For a capacitor, the rate of change of the voltage is equal to the current divided by the capacitance:

dv i

---- = ---

dt C

For a constant current, the voltage changes at a constant rate.

Two 150F capacitors in series will have a capacitance of 75F. For a current of, say, 30 mA, the rate of change of the voltage will be 0.03/75, or 0.4 mV / s. If the series combination of the capacitors is charged to its limit, 5.4V, and the critical voltage is, say, 4.5V, it'll hit that voltage in (5.4 - 4.5) / 0.0004 = 2250 s, or 37 1/2 minutes.

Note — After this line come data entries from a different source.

(* Let $\mathfrak{C}$ be a verification condition provider and $\mathcal{T}\in\{\mathrm{dwp},\mathrm{awp}\}$. If for every annotated loop $C=\mathtt{while}(\varphi)\{C'\}[I]$ and every $f\in\mathbb{E}$, $\mathrm{vc}^{\mathfrak{C},\mathcal{T}}[\![C]\!](f)$ implies $\mathcal{T}[\![C]\!](f)\le I$, then $\mathfrak{C}$ yields upper bounds for $\mathcal{T}$. Analogously, if for every annotated loop $C=\mathtt{while}(\varphi)\{C'\}[I]$ and every $f\in\mathbb{E}$, $\mathrm{vc}^{\mathfrak{C},\mathcal{T}}[\![C]\!](f)$ implies $\mathcal{T}[\![C]\!](f)\ge I$, then $\mathfrak{C}$ yields lower bounds for $\mathcal{T}$.
   Context: States: fix a countably infinite set of program variables with values in $\mathbb{Q}_{\ge 0}$; a state is a map $\sigma$ from variables to $\mathbb{Q}_{\ge0}$ which is $0$ for all but finitely many variables; $\mathsf{States}$ is the set of states. A predicate is a map $\varphi:\mathsf{States}\to\{\mathsf{true},\mathsf{false}\}$. Expectations: $\mathbb{E}$ is the set of maps $\mathsf{States}\to[0,\infty]$, ordered pointwise ($\le,\ge$); $+,\cdot$ pointwise with $0\cdot\infty=0$; $\sqcap,\sqcup$ pointwise min/max; $[\varphi]$ Iverson bracket; $(\varphi\to g)(\sigma)=g(\sigma)$ if $\sigma\models\varphi$, else $\infty$; $f[x/E](\sigma)=f(\sigma[x\mapsto E(\sigma)])$. Programs of $\mathsf{pGCL}$: $C ::= \mathtt{skip} \mid x:=E \mid C;C \mid \mathtt{if}\ \varphi_1\to C\ \square\ \varphi_2\to C \mid \{C\}[p]\{C\} \mid \mathtt{while}(\varphi)\{C\}[I]$, where $E:\mathsf{States}\to\mathbb{Q}_{\ge0}$, $p:\mathsf{States}\to[0,1]$, in every guarded choice $\varphi_1\vee\varphi_2$ is valid, and every loop carries an invariant annotation $I\in\mathbb{E}$. Weakest preexpectations for $\mathcal{T}\in\{\mathrm{dwp},\mathrm{awp}\}$: $\mathcal{T}[\![\mathtt{skip}]\!](f)=f$; $\mathcal{T}[\![x:=E]\!](f)=f[x/E]$; $\mathcal{T}[\![C_1;C_2]\!](f)=\mathcal{T}[\![C_1]\!](\mathcal{T}[\![C_2]\!](f))$; $\mathrm{dwp}$ of a guarded choice: $(\varphi_1\to\mathrm{dwp}[\![C_1]\!](f))\sqcap(\varphi_2\to\mathrm{dwp}[\![C_2]\!](f))$; $\mathrm{awp}$ of a guarded choice: $[\varphi_1]\cdot\mathrm{awp}[\![C_1]\!](f)\sqcup[\varphi_2]\cdot\mathrm{awp}[\![C_2]\!](f)$; $\mathcal{T}[\![\{C_1\}[p]\{C_2\}]\!](f)=p\cdot\mathcal{T}[\![C_1]\!](f)+(1-p)\cdot\mathcal{T}[\![C_2]\!](f)$; loops: least fixpoint of $g\mapsto[\neg\varphi]\cdot f+[\varphi]\cdot\mathcal{T}[\![C']\!](g)$. The auxiliary transformer $\mathcal{T}^*$ follows the same rules except $\mathcal{T}^*[\![\mathtt{while}(\varphi)\{C'\}[I]]\!](f)=I$. Verification conditions: a verification condition provider is a map $\mathfrak{C}$ assigning to each annotated loop and each $f\in\mathbb{E}$ a truth value. $\mathrm{vc}^{\mathfrak{C},\mathcal{T}}[\![C]\!](f)$ is defined inductively: $\mathsf{true}$ for $\mathtt{skip}$ and assignments; $\mathrm{vc}[\![C_1]\!](\mathcal{T}^*[\![C_2]\!](f))\wedge\mathrm{vc}[\![C_2]\!](f)$ for $C_1;C_2$; $\mathrm{vc}[\![C_1]\!](f)\wedge\mathrm{vc}[\![C_2]\!](f)$ for guarded and probabilistic choices; $\mathfrak{C}(\mathtt{while}(\varphi)\{C'\}[I],f)\wedge\mathrm{vc}[\![C']\!](I)$ for loops. $\mathfrak{C}$ yields upper (resp. lower) bounds for $\mathcal{T}$ if for all $C\in\mathsf{pGCL}$ and all $f\in\mathbb{E}$, $\mathrm{vc}^{\mathfrak{C},\mathcal{T}}[\![C]\!](f)$ implies $\mathcal{T}[\![C]\!](f)\le\mathcal{T}^*[\![C]\!](f)$ (resp. $\mathcal{T}[\![C]\!](f)\ge\mathcal{T}^*[\![C]\!](f)$). *)

theory Defs
  imports "HOL-Library.Extended_Nonnegative_Real"
begin

typedef state = "{\<sigma> :: nat \<Rightarrow> rat. (\<forall>x. 0 \<le> \<sigma> x) \<and> finite {x. \<sigma> x \<noteq> 0}}"
  by (rule exI[of _ "\<lambda>_. 0"]) simp

type_synonym pred = "state \<Rightarrow> bool"
type_synonym expect = "state \<Rightarrow> ennreal"

definition upd :: "state \<Rightarrow> nat \<Rightarrow> rat \<Rightarrow> state" where
  "upd \<sigma> x v = Abs_state ((Rep_state \<sigma>)(x := v))"

definition iverson :: "pred \<Rightarrow> expect" where
  "iverson \<phi> = (\<lambda>\<sigma>. if \<phi> \<sigma> then 1 else 0)"

definition guard_to :: "pred \<Rightarrow> expect \<Rightarrow> expect" where
  "guard_to \<phi> g = (\<lambda>\<sigma>. if \<phi> \<sigma> then g \<sigma> else \<infinity>)"

definition subst :: "expect \<Rightarrow> nat \<Rightarrow> (state \<Rightarrow> rat) \<Rightarrow> expect" where
  "subst f x E = (\<lambda>\<sigma>. f (upd \<sigma> x (E \<sigma>)))"

datatype prog =
    Skip
  | Assign nat "state \<Rightarrow> rat"
  | Seq prog prog
  | GChoice pred prog pred prog
  | PChoice "state \<Rightarrow> real" prog prog
  | While pred prog expect

fun wf :: "prog \<Rightarrow> bool" where
  "wf Skip = True"
| "wf (Assign x E) = (\<forall>\<sigma>. 0 \<le> E \<sigma>)"
| "wf (Seq C1 C2) = (wf C1 \<and> wf C2)"
| "wf (GChoice \<phi>1 C1 \<phi>2 C2) = ((\<forall>\<sigma>. \<phi>1 \<sigma> \<or> \<phi>2 \<sigma>) \<and> wf C1 \<and> wf C2)"
| "wf (PChoice p C1 C2) = ((\<forall>\<sigma>. 0 \<le> p \<sigma> \<and> p \<sigma> \<le> 1) \<and> wf C1 \<and> wf C2)"
| "wf (While \<phi> C I) = wf C"

datatype tk = Dwp | Awp

primrec wp :: "tk \<Rightarrow> prog \<Rightarrow> expect \<Rightarrow> expect" where
  "wp T Skip f = f"
| "wp T (Assign x E) f = subst f x E"
| "wp T (Seq C1 C2) f = wp T C1 (wp T C2 f)"
| "wp T (GChoice \<phi>1 C1 \<phi>2 C2) f =
     (case T of
        Dwp \<Rightarrow> inf (guard_to \<phi>1 (wp T C1 f)) (guard_to \<phi>2 (wp T C2 f))
      | Awp \<Rightarrow> sup (\<lambda>\<sigma>. iverson \<phi>1 \<sigma> * wp T C1 f \<sigma>) (\<lambda>\<sigma>. iverson \<phi>2 \<sigma> * wp T C2 f \<sigma>))"
| "wp T (PChoice p C1 C2) f =
     (\<lambda>\<sigma>. ennreal (p \<sigma>) * wp T C1 f \<sigma> + ennreal (1 - p \<sigma>) * wp T C2 f \<sigma>)"
| "wp T (While \<phi> C I) f =
     lfp (\<lambda>g \<sigma>. iverson (\<lambda>s. \<not> \<phi> s) \<sigma> * f \<sigma> + iverson \<phi> \<sigma> * wp T C g \<sigma>)"

primrec wp_star :: "tk \<Rightarrow> prog \<Rightarrow> expect \<Rightarrow> expect" where
  "wp_star T Skip f = f"
| "wp_star T (Assign x E) f = subst f x E"
| "wp_star T (Seq C1 C2) f = wp_star T C1 (wp_star T C2 f)"
| "wp_star T (GChoice \<phi>1 C1 \<phi>2 C2) f =
     (case T of
        Dwp \<Rightarrow> inf (guard_to \<phi>1 (wp_star T C1 f)) (guard_to \<phi>2 (wp_star T C2 f))
      | Awp \<Rightarrow> sup (\<lambda>\<sigma>. iverson \<phi>1 \<sigma> * wp_star T C1 f \<sigma>) (\<lambda>\<sigma>. iverson \<phi>2 \<sigma> * wp_star T C2 f \<sigma>))"
| "wp_star T (PChoice p C1 C2) f =
     (\<lambda>\<sigma>. ennreal (p \<sigma>) * wp_star T C1 f \<sigma> + ennreal (1 - p \<sigma>) * wp_star T C2 f \<sigma>)"
| "wp_star T (While \<phi> C I) f = I"

text \<open>A verification condition provider assigns to each annotated loop
(given by guard, body, invariant) and each expectation a truth value.\<close>

type_synonym vcp = "pred \<Rightarrow> prog \<Rightarrow> expect \<Rightarrow> expect \<Rightarrow> bool"

primrec vc :: "vcp \<Rightarrow> tk \<Rightarrow> prog \<Rightarrow> expect \<Rightarrow> bool" where
  "vc \<CC> T Skip f = True"
| "vc \<CC> T (Assign x E) f = True"
| "vc \<CC> T (Seq C1 C2) f = (vc \<CC> T C1 (wp_star T C2 f) \<and> vc \<CC> T C2 f)"
| "vc \<CC> T (GChoice \<phi>1 C1 \<phi>2 C2) f = (vc \<CC> T C1 f \<and> vc \<CC> T C2 f)"
| "vc \<CC> T (PChoice p C1 C2) f = (vc \<CC> T C1 f \<and> vc \<CC> T C2 f)"
| "vc \<CC> T (While \<phi> C I) f = (\<CC> \<phi> C I f \<and> vc \<CC> T C I)"

definition yields_upper :: "vcp \<Rightarrow> tk \<Rightarrow> bool" where
  "yields_upper \<CC> T \<longleftrightarrow> (\<forall>C f. wf C \<longrightarrow> vc \<CC> T C f \<longrightarrow> wp T C f \<le> wp_star T C f)"

definition yields_lower :: "vcp \<Rightarrow> tk \<Rightarrow> bool" where
  "yields_lower \<CC> T \<longleftrightarrow> (\<forall>C f. wf C \<longrightarrow> vc \<CC> T C f \<longrightarrow> wp T C f \<ge> wp_star T C f)"

end

theory Submission
  imports Defs
begin

text \<open>The transformers wp and wp_star obey the same rules except at loops, and every rule is
monotone in the results for the subprograms. Hence a comparison between wp and wp_star at
loops, which is exactly what the hypotheses grant, propagates by structural induction to
all programs; monotonicity of wp is what carries it through sequential composition.\<close>

definition gchoice :: "tk \<Rightarrow> pred \<Rightarrow> expect \<Rightarrow> pred \<Rightarrow> expect \<Rightarrow> expect" where
  "gchoice T \<phi>1 g1 \<phi>2 g2 =
     (case T of
        Dwp \<Rightarrow> inf (guard_to \<phi>1 g1) (guard_to \<phi>2 g2)
      | Awp \<Rightarrow> sup (\<lambda>\<sigma>. iverson \<phi>1 \<sigma> * g1 \<sigma>) (\<lambda>\<sigma>. iverson \<phi>2 \<sigma> * g2 \<sigma>))"

definition pchoice :: "(state \<Rightarrow> real) \<Rightarrow> expect \<Rightarrow> expect \<Rightarrow> expect" where
  "pchoice p g1 g2 = (\<lambda>\<sigma>. ennreal (p \<sigma>) * g1 \<sigma> + ennreal (1 - p \<sigma>) * g2 \<sigma>)"

lemma wp_GChoice: "wp T (GChoice \<phi>1 C1 \<phi>2 C2) f = gchoice T \<phi>1 (wp T C1 f) \<phi>2 (wp T C2 f)"
  by (simp add: gchoice_def)

lemma wp_star_GChoice:
  "wp_star T (GChoice \<phi>1 C1 \<phi>2 C2) f = gchoice T \<phi>1 (wp_star T C1 f) \<phi>2 (wp_star T C2 f)"
  by (simp add: gchoice_def)

lemma wp_PChoice: "wp T (PChoice p C1 C2) f = pchoice p (wp T C1 f) (wp T C2 f)"
  by (simp add: pchoice_def)

lemma wp_star_PChoice: "wp_star T (PChoice p C1 C2) f = pchoice p (wp_star T C1 f) (wp_star T C2 f)"
  by (simp add: pchoice_def)

lemma gchoice_mono:
  assumes "g1 \<le> h1" and "g2 \<le> h2"
  shows "gchoice T \<phi>1 g1 \<phi>2 g2 \<le> gchoice T \<phi>1 h1 \<phi>2 h2"
  using assms
  by (cases T) (auto simp: gchoice_def le_fun_def guard_to_def iverson_def
                     intro: le_infI1 le_infI2 le_supI1 le_supI2)

lemma pchoice_mono:
  assumes "g1 \<le> h1" and "g2 \<le> h2"
  shows "pchoice p g1 g2 \<le> pchoice p h1 h2"
  using assms by (auto simp: pchoice_def le_fun_def intro!: add_mono mult_left_mono)

lemma wp_mono: "f \<le> g \<Longrightarrow> wp T C f \<le> wp T C g"
proof (induction C arbitrary: f g)
  case (Assign x E)
  then show ?case by (auto simp: subst_def le_fun_def)
next
  case (GChoice \<phi>1 C1 \<phi>2 C2)
  then show ?case unfolding wp_GChoice by (intro gchoice_mono) simp_all
next
  case (PChoice p C1 C2)
  then show ?case unfolding wp_PChoice by (intro pchoice_mono) simp_all
next
  case (While \<phi> C I)
  show ?case
    unfolding wp.simps
    by (rule lfp_mono) (use While in \<open>auto simp: le_fun_def intro!: add_mono mult_left_mono\<close>)
qed simp_all

lemma wp_le_wp_star:
  assumes loop: "\<forall>\<phi> C' I f. wf (While \<phi> C' I) \<longrightarrow> vc \<CC> T (While \<phi> C' I) f
                   \<longrightarrow> wp T (While \<phi> C' I) f \<le> I"
  shows "wf C \<Longrightarrow> vc \<CC> T C f \<Longrightarrow> wp T C f \<le> wp_star T C f"
proof (induction C arbitrary: f)
  case (Seq C1 C2)
  have "wp T C1 (wp T C2 f) \<le> wp T C1 (wp_star T C2 f)"
    using Seq by (simp add: wp_mono)
  also have "\<dots> \<le> wp_star T C1 (wp_star T C2 f)"
    using Seq by simp
  finally show ?case by simp
next
  case (GChoice \<phi>1 C1 \<phi>2 C2)
  then show ?case unfolding wp_GChoice wp_star_GChoice by (intro gchoice_mono) simp_all
next
  case (PChoice p C1 C2)
  then show ?case unfolding wp_PChoice wp_star_PChoice by (intro pchoice_mono) simp_all
next
  case (While \<phi> C I)
  then show ?case using loop by simp
qed simp_all

lemma wp_star_le_wp:
  assumes loop: "\<forall>\<phi> C' I f. wf (While \<phi> C' I) \<longrightarrow> vc \<CC> T (While \<phi> C' I) f
                   \<longrightarrow> wp T (While \<phi> C' I) f \<ge> I"
  shows "wf C \<Longrightarrow> vc \<CC> T C f \<Longrightarrow> wp_star T C f \<le> wp T C f"
proof (induction C arbitrary: f)
  case (Seq C1 C2)
  have "wp_star T C1 (wp_star T C2 f) \<le> wp T C1 (wp_star T C2 f)"
    using Seq by simp
  also have "\<dots> \<le> wp T C1 (wp T C2 f)"
    using Seq by (simp add: wp_mono)
  finally show ?case by simp
next
  case (GChoice \<phi>1 C1 \<phi>2 C2)
  then show ?case unfolding wp_GChoice wp_star_GChoice by (intro gchoice_mono) simp_all
next
  case (PChoice p C1 C2)
  then show ?case unfolding wp_PChoice wp_star_PChoice by (intro pchoice_mono) simp_all
next
  case (While \<phi> C I)
  then show ?case using loop by simp
qed simp_all

theorem lemmaB2:
  fixes \<CC> :: vcp and T :: tk
  shows "((\<forall>\<phi> C' I f. wf (While \<phi> C' I) \<longrightarrow> vc \<CC> T (While \<phi> C' I) f
            \<longrightarrow> wp T (While \<phi> C' I) f \<le> I) \<longrightarrow> yields_upper \<CC> T)
       \<and> ((\<forall>\<phi> C' I f. wf (While \<phi> C' I) \<longrightarrow> vc \<CC> T (While \<phi> C' I) f
            \<longrightarrow> wp T (While \<phi> C' I) f \<ge> I) \<longrightarrow> yields_lower \<CC> T)"
  unfolding yields_upper_def yields_lower_def
  using wp_le_wp_star wp_star_le_wp by blast

end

Taking the positive terminal as the terminal that's, well, more positive, and the direction of current as out of the capacitor, the general formula for the time it takes a capacitor to discharge from an initial voltage

V_{i} to a final voltage

V_{f} is:

i * t

( V_{i} - V_{f} ) = --------

C

and that resolves to:

( Vi - Vf ) * C

------------------ = t

i

The same formula applies for charging the capacitors -

Vf is bigger than

Vi, making the voltage term negative, and the current goes into the capacitor, making

i negative, so the quotient is positive. Using the formula, it takes 75 amp-seconds for each volt of charging. At 1/2 amp, it'll take thirteen and a half minutes to charge the capacitors from a fully discharged state to 5.4V. It'll take nearly two and a half minutes to get it from 4.5V to 5.4V at 1/2 amp.

Directly answering the question:

But how long is 2 150F cap's in Series giving a little over 5v going to power a standard Arduino Uno?

Translating "a little more than 5V" to, "exactly 5V," and adding the notion that the capacitors start at 5.4V, the answer comes to

( 30 / ( Arduino supply current in amps ) ) seconds.

I don't find any really credible estimates for the supply current of the UNO, but I'll guess that it's about 30 mA, making the time come to a neat 1000 seconds, nearly 17 minutes.